Integration & Deployment: In current Windows 11 builds (as of early 2025), Administrator Protection is an optional feature that is disabled by default (to avoid surprising users). Administrators can enable it using the LocalPoliciesSecurityOptions CSP, preferably using a Settings Catalog policy in Intune or through another MDM tool that supports the CSP. It can also be enabled via the Windows Security app UI on the Account Protection page. Enabling it requires a reboot to take effect. It is available on all editions of Windows 11 (Home, Pro, Enterprise, etc.) for broad adoption. This means even non-corporate (home) users who are local admins can benefit by turning it on manually through Windows Security. Enterprises can enable it on managed machines via Intune policy or Group Policy across their fleet.

One thing to note is that when Administrator Protection is enabled, the traditional UAC settings are basically overridden for admin accounts. In fact, this feature is essentially an augmentation of UAC’s Admin Approval Mode. In Windows, Admin Approval Mode is the mechanism by which admin accounts run with filtered tokens and get prompted. Previously, Admin Approval Mode used the standard UAC consent dialog. With this feature on, Admin Approval Mode instead uses the new WHfB-based prompt (considered part of Windows Security center) for approval. In effect, it replaces the UAC prompt with a more secure workflow. The underlying concept (ask the user before elevating) remains, but it’s executed with stronger guarantees.

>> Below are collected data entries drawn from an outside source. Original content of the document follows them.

section \<open>Discounted sums\<close>

lemma sums_of_nat_mult_power:
  fixes \<gamma> :: real
  assumes "0 \<le> \<gamma>" "\<gamma> < 1"
  shows "(\<lambda>n. real n * \<gamma> ^ n) sums (\<gamma> / (1 - \<gamma>)\<^sup>2)"
proof -
  have "(\<lambda>n. real (Suc n) * \<gamma> ^ n) sums (1 / (1 - \<gamma>)\<^sup>2)"
    using geometric_deriv_sums[of \<gamma>] assms by simp
  from sums_mult[OF this, of \<gamma>] have "(\<lambda>n. real (Suc n) * \<gamma> ^ Suc n) sums (\<gamma> / (1 - \<gamma>)\<^sup>2)"
    by (simp add: mult_ac)
  then show ?thesis using sums_Suc_iff[of "\<lambda>n. real n * \<gamma> ^ n"] by simp
qed

lemma discounted_sum_diff_le:
  fixes x1 x2 :: "nat \<Rightarrow> real" and T :: enat
  assumes \<gamma>: "0 \<le> \<gamma>" "\<gamma> < 1" and bound1: "\<And>t. \<bar>x1 t\<bar> \<le> R" and bound2: "\<And>t. \<bar>x2 t\<bar> \<le> R"
    and diff: "\<And>t. \<bar>x1 t - x2 t\<bar> \<le> A + B * real t"
  shows "\<bar>(\<Sum>t. if enat t \<le> T then \<gamma> ^ t * x1 t else 0) - (\<Sum>t. if enat t \<le> T then \<gamma> ^ t * x2 t else 0)\<bar>
    \<le> A / (1 - \<gamma>) + B * (\<gamma> / (1 - \<gamma>)\<^sup>2)"
proof -
  have geometric: "(\<lambda>t. \<gamma> ^ t) sums (1 / (1 - \<gamma>))" using geometric_sums[of \<gamma>] \<gamma> by simp
  have summable_R: "summable (\<lambda>t. R * \<gamma> ^ t)"
    using geometric by (intro summable_mult sums_summable) auto
  have summable: "summable (\<lambda>t. if enat t \<le> T then \<gamma> ^ t * x t else 0)" if "\<And>t. \<bar>x t\<bar> \<le> R" for x
  proof (rule summable_comparison_test'[OF summable_R])
    fix n
    have "\<gamma> ^ n * \<bar>x n\<bar> \<le> \<gamma> ^ n * R" using that[of n] \<gamma> by (intro mult_left_mono) auto
    then show "norm (if enat n \<le> T then \<gamma> ^ n * x n else 0) \<le> R * \<gamma> ^ n"
      using \<gamma> that[of 0] by (auto simp: abs_mult mult.commute)
  qed
  have majorant: "(\<lambda>t. A * \<gamma> ^ t + B * (real t * \<gamma> ^ t)) sums (A * (1 / (1 - \<gamma>)) + B * (\<gamma> / (1 - \<gamma>)\<^sup>2))"
    by (intro sums_add sums_mult geometric sums_of_nat_mult_power \<gamma>)
  define d where "d = (\<lambda>t. (if enat t \<le> T then \<gamma> ^ t * x1 t else 0) - (if enat t \<le> T then \<gamma> ^ t * x2 t else 0))"
  have d_le: "\<bar>d t\<bar> \<le> A * \<gamma> ^ t + B * (real t * \<gamma> ^ t)" for t
  proof -
    have "\<bar>d t\<bar> \<le> \<gamma> ^ t * \<bar>x1 t - x2 t\<bar>"
      unfolding d_def using \<gamma> by (auto simp: abs_mult right_diff_distrib[symmetric])
    also have "\<dots> \<le> \<gamma> ^ t * (A + B * real t)" using diff[of t] \<gamma> by (intro mult_left_mono) auto
    finally show ?thesis by (simp add: algebra_simps)
  qed
  have summable_d: "summable (\<lambda>t. \<bar>d t\<bar>)"
    by (rule summable_comparison_test'[OF sums_summable[OF majorant]]) (use d_le in auto)
  have "(\<Sum>t. if enat t \<le> T then \<gamma> ^ t * x1 t else 0) - (\<Sum>t. if enat t \<le> T then \<gamma> ^ t * x2 t else 0)
      = (\<Sum>t. d t)"
    unfolding d_def using suminf_diff[OF summable[OF bound1] summable[OF bound2]] by simp
  also have "\<bar>\<dots>\<bar> \<le> (\<Sum>t. \<bar>d t\<bar>)" by (rule summable_rabs[OF summable_d])
  also have "\<dots> \<le> (\<Sum>t. A * \<gamma> ^ t + B * (real t * \<gamma> ^ t))"
    by (rule suminf_le[OF d_le summable_d sums_summable[OF majorant]])
  also have "\<dots> = A / (1 - \<gamma>) + B * (\<gamma> / (1 - \<gamma>)\<^sup>2)" using sums_unique[OF majorant] by simp
  finally show ?thesis .
qed

section \<open>The pruned network\<close>

lemma sets_borel_state_space: "(state_space :: (real^'n) set) \<in> sets borel"
proof -
  have "closed (state_space :: (real^'n) set)"
    unfolding state_space_def
    by (intro closed_Collect_all closed_Collect_conj closed_Collect_le linear_continuous_on
        bounded_linear_vec_nth continuous_on_const)
  then show ?thesis by (rule borel_closed)
qed

lemma zero_in_state_space: "0 \<in> state_space"
  by (simp add: state_space_def)

lemma borel_measurable_net:
  assumes lip: "\<And>x y. \<bar>\<phi> x - \<phi> y\<bar> \<le> L * \<bar>x - y\<bar>"
  shows "net W1 b1 W2 b2 \<phi> \<in> borel_measurable borel"
proof -
  have "0 \<le> L" using lip[of 1 0] by simp
  with lip have "L-lipschitz_on UNIV \<phi>"
    by (intro lipschitz_onI) (auto simp: dist_real_def)
  then have [measurable]: "\<phi> \<in> borel_measurable borel"
    by (intro borel_measurable_continuous_onI lipschitz_on_continuous_on)
  show ?thesis unfolding net_def[abs_def] by measurable
qed

lemma net_prune_dist_le:
  fixes W1 :: "real ^ 'd ^ 'h" and s :: "real ^ 'd"
  assumes lip: "\<And>x y. \<bar>\<phi> x - \<phi> y\<bar> \<le> L * \<bar>x - y\<bar>" and s: "s \<in> state_space"
  shows "\<bar>net W1 b1 W2 b2 \<phi> s - net (prune j W1) b1 W2 b2 \<phi> s\<bar> \<le> L * (\<Sum>i\<in>UNIV. \<bar>W2 $ i * W1 $ i $ j\<bar>)"
proof -
  define u where "u = (\<lambda>i. (\<Sum>k\<in>UNIV. W1 $ i $ k * s $ k) + b1 $ i)"
  define v where "v = (\<lambda>i. (\<Sum>k\<in>UNIV. prune j W1 $ i $ k * s $ k) + b1 $ i)"
  have L: "0 \<le> L" using lip[of 1 0] by simp
  have "\<bar>s $ j\<bar> \<le> 1" using s by (auto simp: state_space_def)
  have "u i - v i = W1 $ i $ j * s $ j" for i
  proof -
    have "u i - v i = (\<Sum>k\<in>UNIV. W1 $ i $ k * s $ k - prune j W1 $ i $ k * s $ k)"
      unfolding u_def v_def sum_subtractf by simp
    also have "\<dots> = (\<Sum>k\<in>UNIV. if k = j then W1 $ i $ j * s $ j else 0)"
      by (intro sum.cong) (auto simp: prune_def)
    finally show ?thesis by simp
  qed
  then have unit_le: "\<bar>\<phi> (u i) - \<phi> (v i)\<bar> \<le> L * \<bar>W1 $ i $ j\<bar>" for i
    using lip[of "u i" "v i"] \<open>\<bar>s $ j\<bar> \<le> 1\<close> L
    by (auto simp: abs_mult intro: order_trans intro!: mult_left_mono mult_right_le_one_le)
  have "\<bar>net W1 b1 W2 b2 \<phi> s - net (prune j W1) b1 W2 b2 \<phi> s\<bar> = \<bar>\<Sum>i\<in>UNIV. W2 $ i * (\<phi> (u i) - \<phi> (v i))\<bar>"
    unfolding net_def u_def v_def by (simp add: sum_subtractf[symmetric] right_diff_distrib)
  also have "\<dots> \<le> (\<Sum>i\<in>UNIV. \<bar>W2 $ i\<bar> * \<bar>\<phi> (u i) - \<phi> (v i)\<bar>)"
    unfolding abs_mult[symmetric] by (rule sum_abs)
  also have "\<dots> \<le> (\<Sum>i\<in>UNIV. \<bar>W2 $ i\<bar> * (L * \<bar>W1 $ i $ j\<bar>))"
    by (intro sum_mono mult_left_mono unit_le) simp
  also have "\<dots> = L * (\<Sum>i\<in>UNIV. \<bar>W2 $ i * W1 $ i $ j\<bar>)"
    by (simp add: sum_distrib_left abs_mult mult_ac)
  finally show ?thesis .
qed

section \<open>The return bound\<close>

lemma discounted_return_diff_le:
  fixes k1 k2 :: "'a::euclidean_space \<Rightarrow> 'a \<Rightarrow> real" and \<rho>1 \<rho>2 :: "'a \<Rightarrow> real" and T :: enat
  assumes K1: "stoch_kernel S k1" and K2: "stoch_kernel S k2" and D0: "prob_density S p0"
    and S: "S \<in> sets borel" and \<gamma>: "0 \<le> \<gamma>" "\<gamma> < 1"
    and \<rho>1: "\<rho>1 \<in> borel_measurable borel" and \<rho>2: "\<rho>2 \<in> borel_measurable borel"
    and bound1: "\<And>s. s \<in> S \<Longrightarrow> \<bar>\<rho>1 s\<bar> \<le> R" and bound2: "\<And>s. s \<in> S \<Longrightarrow> \<bar>\<rho>2 s\<bar> \<le> R"
    and \<rho>_diff: "\<And>s. s \<in> S \<Longrightarrow> \<bar>\<rho>1 s - \<rho>2 s\<bar> \<le> E" and R: "0 \<le> R"
    and tv_le: "\<And>t. (LINT s:S|lborel. marginal S p0 k1 t s * tv_dist S (k1 s) (k2 s)) \<le> \<delta>"
  shows "\<bar>(\<Sum>t. if enat t \<le> T then \<gamma> ^ t * (LINT s:S|lborel. marginal S p0 k1 t s * \<rho>1 s) else 0)
        - (\<Sum>t. if enat t \<le> T then \<gamma> ^ t * (LINT s:S|lborel. marginal S p0 k2 t s * \<rho>2 s) else 0)\<bar>
    \<le> E / (1 - \<gamma>) + 2 * R * \<delta> * (\<gamma> / (1 - \<gamma>)\<^sup>2)"
proof (rule discounted_sum_diff_le[OF \<gamma>])
  note D1 = prob_density_marginal[OF K1 D0 S] and D2 = prob_density_marginal[OF K2 D0 S]
  fix t
  show "\<bar>LINT s:S|lborel. marginal S p0 k1 t s * \<rho>1 s\<bar> \<le> R"
    by (rule abs_density_expectation_le[OF D1 S \<rho>1 bound1])
  show "\<bar>LINT s:S|lborel. marginal S p0 k2 t s * \<rho>2 s\<bar> \<le> R"
    by (rule abs_density_expectation_le[OF D2 S \<rho>2 bound2])
  have "\<bar>(LINT s:S|lborel. marginal S p0 k1 t s * \<rho>1 s) - (LINT s:S|lborel. marginal S p0 k2 t s * \<rho>2 s)\<bar>
      \<le> E + R * (2 * real t * \<delta>)"
    by (rule density_expectation_diff_le[OF D1 D2 S \<rho>1 \<rho>2 bound1 bound2 \<rho>_diff
          L1_dist_marginal_le[OF K1 K2 D0 S tv_le] R])
  then show "\<bar>(LINT s:S|lborel. marginal S p0 k1 t s * \<rho>1 s) - (LINT s:S|lborel. marginal S p0 k2 t s * \<rho>2 s)\<bar>
      \<le> E + 2 * R * \<delta> * real t"
    by (simp add: mult_ac)
qed
(* Let ${\tt G}$ be a digraph and let $P$ be a downward closed (or upward closed) sub-poset of $SSG({\tt G})$. Then any two sign assignments $\epsilon,\epsilon'$ on $P$ are isomorphic, i.e. there is $\eta\colon P\to\mathbb Z_2$ with $\eta(x)+\epsilon'_{x,y}\equiv\epsilon_{x,y}+\eta(y)\pmod 2$ for every covering pair $x\,\tilde\triangleleft\,y$ in $P$.
   Context: A digraph ${\tt G}=(V,E)$ has finite $V$ and $E\subseteq(V\times V)\setminus\{(v,v)\}$. $SSG({\tt G})$ is the poset of spanning subgraphs of ${\tt G}$ (all vertices, any subset of edges) ordered by inclusion of edge sets. A sub-poset $P$ (with induced order) is downward closed if $h\le h'$ with $h'\in P$ implies $h\in P$, and upward closed if $h'\le h$ with $h'\in P$ implies $h\in P$. In a poset, $x\,\tilde\triangleleft\,y$ ($y$ covers $x$) means $x<y$ with nothing strictly between; a square is $x,y,y',z$ with $y\neq y'$, $x\,\tilde\triangleleft\,y\,\tilde\triangleleft\,z$, $x\,\tilde\triangleleft\,y'\,\tilde\triangleleft\,z$. A sign assignment assigns $\epsilon_{x,y}\in\mathbb Z_2$ to each covering pair such that $\epsilon_{x,y}+\epsilon_{y,z}\equiv\epsilon_{x,y'}+\epsilon_{y',z}+1\pmod 2$ for every square. *)

theory Defs
  imports Main "HOL-Library.Z2"
begin

definition digraph :: "'a set \<Rightarrow> ('a \<times> 'a) set \<Rightarrow> bool" where
  "digraph V E \<longleftrightarrow> finite V \<and> E \<subseteq> (V \<times> V) - {(v, v) | v. True}"

text \<open>SSG(G): spanning subgraphs (V, H) with H \<subseteq> E, identified with their edge sets H,
  ordered by inclusion. Its carrier is Pow E.\<close>
definition SSG :: "'a set \<Rightarrow> ('a \<times> 'a) set \<Rightarrow> ('a \<times> 'a) set set" where
  "SSG V E = Pow E"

Security Benefits and Differences from Earlier Windows

Windows 11’s Administrator Protection brings several important security benefits:

  • Eliminates “Always-On” Admin Rights: It treats Administrator accounts almost like standard accounts until the moment of need. This means that many malware techniques that assumed the user had an accessible admin token no longer work. For instance, some malware would simply prompt a user via fake UAC or invoke auto-elevating system processes; those would fail or be forced through a WHfB prompt that malware can’t satisfy.
  • Prevents Stealthy Elevation: The requirement for WHfB or credential input ensures no process can silently gain elevation without the user’s knowledge. Even if the user is an admin, they will always get an interactive prompt they must approve with a gesture or credential. This effectively blocks auto-elevation mechanisms that were previously allowed for certain trusted system components (which attackers sometimes exploited by hijacking those components). Microsoft specifically highlights that auto-elevating actions are removed – every elevation is explicit.
  • Hardens Against UAC Bypasses: Prior to this feature, UAC prompts (while useful) could be bypassed in some scenarios by advanced malware (for example, by injecting code into an approved process or manipulating certain system settings to fool a privileged program). Administrator Protection introduces an actual security boundary between non-elevated and elevated processes. The elevated process runs under a different user context (SMAA), so techniques like shatter attacks, DLL injection from the user context, or hooking user interface elements of the admin process are far less feasible. Microsoft describes UAC as a policy and not a security boundary, whereas Administrator Protection “creates a genuine security boundary between elevated and non-elevated contexts.” In other words, the system will treat any attempt by a standard process to interact with that isolated admin process as a cross-user security violation.
  • Mitigates Token Theft and Lateral Movement: Without Administrator Protection, if an attacker manages to run code as a user with admin rights (say through phishing or an exploit), they might extract the admin token from memory or use that context to do further damage. With Administrator Protection enabled, there is no readily available admin token to steal in the user session; an attacker would have to trick the user into performing an admin action and somehow intercept that one-time token – an extremely narrow window. This thwarts many token theft and impersonation attacks that are key for malware to persist or move laterally in a network. In fact, this feature was motivated by the spike in token theft incidents, and it directly breaks the attack kill chain for malware that relies on silently elevating privileges.
  • User Awareness and Control: From a human perspective, it forces administrators to be mindful. An admin can’t absentmindedly run a script that makes destructive changes without at least noticing the WHfB prompt. Each privileged action is a deliberate choice, which can reduce accidental mistakes (like changing the wrong system setting). It puts a moment of friction that says “you are about to do something with high privileges” – a useful check even for savvy admins.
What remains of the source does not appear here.